Background— Multiple pathways contribute to accelerated coronary atherosclerosis in diabetics, including increased oxidative stress and inflammatory burden. Accordingly, the mechanisms of abnormal formation of reactive oxygen species and the changes in inflammatory gene expression were examined in diabetic coronary arteries.

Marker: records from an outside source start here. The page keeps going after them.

lemma mat_seminorm_le_norm:
  assumes "mat_seminorm P"
  shows "P A \<le> (\<Sum>a\<in>UNIV. \<Sum>b\<in>UNIV. P (mat_unit a b)) * norm A"
proof -
  have "P A = P (\<Sum>a\<in>UNIV. \<Sum>b\<in>UNIV. cscale (A $ a $ b) (mat_unit a b))"
    by (simp only: mat_unit_expansion [of A, symmetric])
  also have "\<dots> \<le> (\<Sum>a\<in>UNIV. P (\<Sum>b\<in>UNIV. cscale (A $ a $ b) (mat_unit a b)))"
    by (rule mat_seminorm_sum [OF assms])
  also have "\<dots> \<le> (\<Sum>a\<in>UNIV. \<Sum>b\<in>UNIV. P (cscale (A $ a $ b) (mat_unit a b)))"
    by (intro sum_mono mat_seminorm_sum [OF assms])
  also have "\<dots> \<le> (\<Sum>a\<in>UNIV. \<Sum>b\<in>UNIV. norm A * P (mat_unit a b))"
  proof (intro sum_mono)
    fix a b
    have "cmod (A $ a $ b) \<le> norm A"
      using Finite_Cartesian_Product.norm_nth_le [of "A $ a" b]
        Finite_Cartesian_Product.norm_nth_le [of A a]
      by linarith
    then show "P (cscale (A $ a $ b) (mat_unit a b)) \<le> norm A * P (mat_unit a b)"
      by (simp add: mat_seminorm_cscale [OF assms] mult_right_mono mat_seminorm_nonneg [OF assms])
  qed
  finally show ?thesis
    by (simp add: sum_distrib_left sum_distrib_right mult.commute)
qed

lemma mat_seminorm_tendsto_zero:
  assumes "mat_seminorm P" and "(X \<longlongrightarrow> 0) F"
  shows "((\<lambda>x. P (X x)) \<longlongrightarrow> 0) F"
proof (rule Lim_null_comparison)
  let ?K = "\<Sum>a\<in>UNIV. \<Sum>b\<in>UNIV. P (mat_unit a b)"
  have "norm (P (X x)) \<le> ?K * norm (X x)" for x
    using mat_seminorm_nonneg [OF assms(1), of "X x"] mat_seminorm_le_norm [OF assms(1), of "X x"]
    by simp
  then show "\<forall>\<^sub>F x in F. norm (P (X x)) \<le> ?K * norm (X x)"
    by (intro always_eventually allI)
  show "((\<lambda>x. ?K * norm (X x)) \<longlongrightarrow> 0) F"
    by (rule tendsto_mult_right_zero [OF tendsto_norm_zero [OF assms(2)]])
qed

lemma mat_seminorm_continuous_on:
  assumes "mat_seminorm P"
  shows "continuous_on S P"
proof (rule lipschitz_on_continuous_on)
  let ?K = "\<Sum>a\<in>UNIV. \<Sum>b\<in>UNIV. P (mat_unit a b)"
  have tri: "P A \<le> P (A - B) + P B" for A B
    using mat_seminorm_triangle [OF assms, of "A - B" B] by simp
  have sym: "P (B - A) = P (A - B)" for A B
    using mat_seminorm_minus [OF assms, of "A - B"] by simp
  have dist_le: "dist (P A) (P B) \<le> ?K * dist A B" for A B
    using tri [of A B] tri [of B A] sym [of A B] mat_seminorm_le_norm [OF assms, of "A - B"]
    by (simp add: dist_real_def dist_norm abs_le_iff)
  show "?K-lipschitz_on S P"
    by (rule lipschitz_onI [OF dist_le sum_nonneg [OF sum_nonneg [OF mat_seminorm_nonneg [OF assms]]]])
qed

lemma mat_norm_imp_seminorm: "is_mat_norm N \<Longrightarrow> mat_seminorm N"
  unfolding is_mat_norm_def mat_seminorm_def by blast

lemma mat_norm_eq_0_iff: "is_mat_norm N \<Longrightarrow> N A = 0 \<longleftrightarrow> A = 0"
  unfolding is_mat_norm_def by blast

lemma mat_norm_ge_norm:
  fixes N :: "'n::finite mat \<Rightarrow> real"
  assumes "is_mat_norm N"
  obtains m where "m > 0" and "\<And>A. m * norm A \<le> N A"
proof -
  have seminorm: "mat_seminorm N"
    using assms by (rule mat_norm_imp_seminorm)
  then have "continuous_on (sphere 0 1) N"
    by (rule mat_seminorm_continuous_on)
  then obtain A\<^sub>0 where A\<^sub>0: "A\<^sub>0 \<in> sphere (0::'n mat) 1"
    and min: "\<And>B. B \<in> sphere 0 1 \<Longrightarrow> N A\<^sub>0 \<le> N B"
    using continuous_attains_inf [of "sphere (0::'n mat) 1" N] by auto
  have "A\<^sub>0 \<noteq> 0"
    using A\<^sub>0 by auto
  have pos: "N A\<^sub>0 > 0"
    using mat_seminorm_nonneg [OF seminorm, of A\<^sub>0] mat_norm_eq_0_iff [OF assms, of A\<^sub>0] \<open>A\<^sub>0 \<noteq> 0\<close>
    by linarith
  have bound: "N A\<^sub>0 * norm A \<le> N A" for A
  proof (cases "A = 0")
    case True
    then show ?thesis
      using mat_seminorm_nonneg [OF seminorm, of 0] by simp
  next
    case False
    let ?B = "(1 / norm A) *\<^sub>R A"
    have "N A = N (cscale (of_real (norm A)) ?B)"
      using False by (simp flip: scaleR_eq_cscale)
    also have "\<dots> = norm A * N ?B"
      by (simp add: mat_seminorm_cscale [OF seminorm])
    finally have "N A = norm A * N ?B" .
    moreover have "N A\<^sub>0 \<le> N ?B"
      using False by (intro min) simp
    ultimately show ?thesis
      by (metis mult.commute mult_right_mono norm_ge_zero)
  qed
  show ?thesis
    by (rule that [OF pos bound])
qed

Methods and Results— In pigs with streptozotocin-induced diabetes, superoxide formation was augmented in coronary media and adventitia because of increased NAD(P)H oxidase activity (3 months) accompanied by upregulated expression of its cytosolic subunit, p22^phox. Diabetes-induced oxidative stress resulted in the inflammatory response in the adventitia (increased expression of interleukin-6, tumor necrosis factor-α, monocyte chemotactic protein-1, vascular cell adhesion molecule-1 [VCAM-1]) and in the media (VCAM-1). To examine the mechanisms of these changes, studies with isolated coronary fibroblasts were undertaken. Advanced glycation end products (AGEs), rather than glucose itself, upregulated expression of interleukin-6, VCAM-1, and monocyte chemotactic protein-1 mRNAs. These results were paralleled by increased interleukin-6 secretion (P<0.01) and augmented leukocyte adhesion to AGE-stimulated coronary cells (P<0.001). AGEs increased expression of phosphorylated forms of mitogen-activated protein kinases in coronary cells (ERK1/2 and JNK) and resulted in redox-sensitive expression of inflammatory genes that was inhibited by several inhibitors of oxidative pathways [NAD(P)H oxidase inhibitors, N-acetylcysteine, and pyrrolidine dithiocarbamate].

Conclusions— Diabetes increased NAD(P)H oxidase activity and oxidative stress, producing inflammatory responses in porcine coronary media and adventitia. AGEs activated ERK1/2 and JNK signaling pathways and induced the expression of several inflammatory genes in coronary cells in a redox-sensitive manner. These results suggest the involvement of AGEs in the development of accelerated coronary atherosclerosis in diabetes.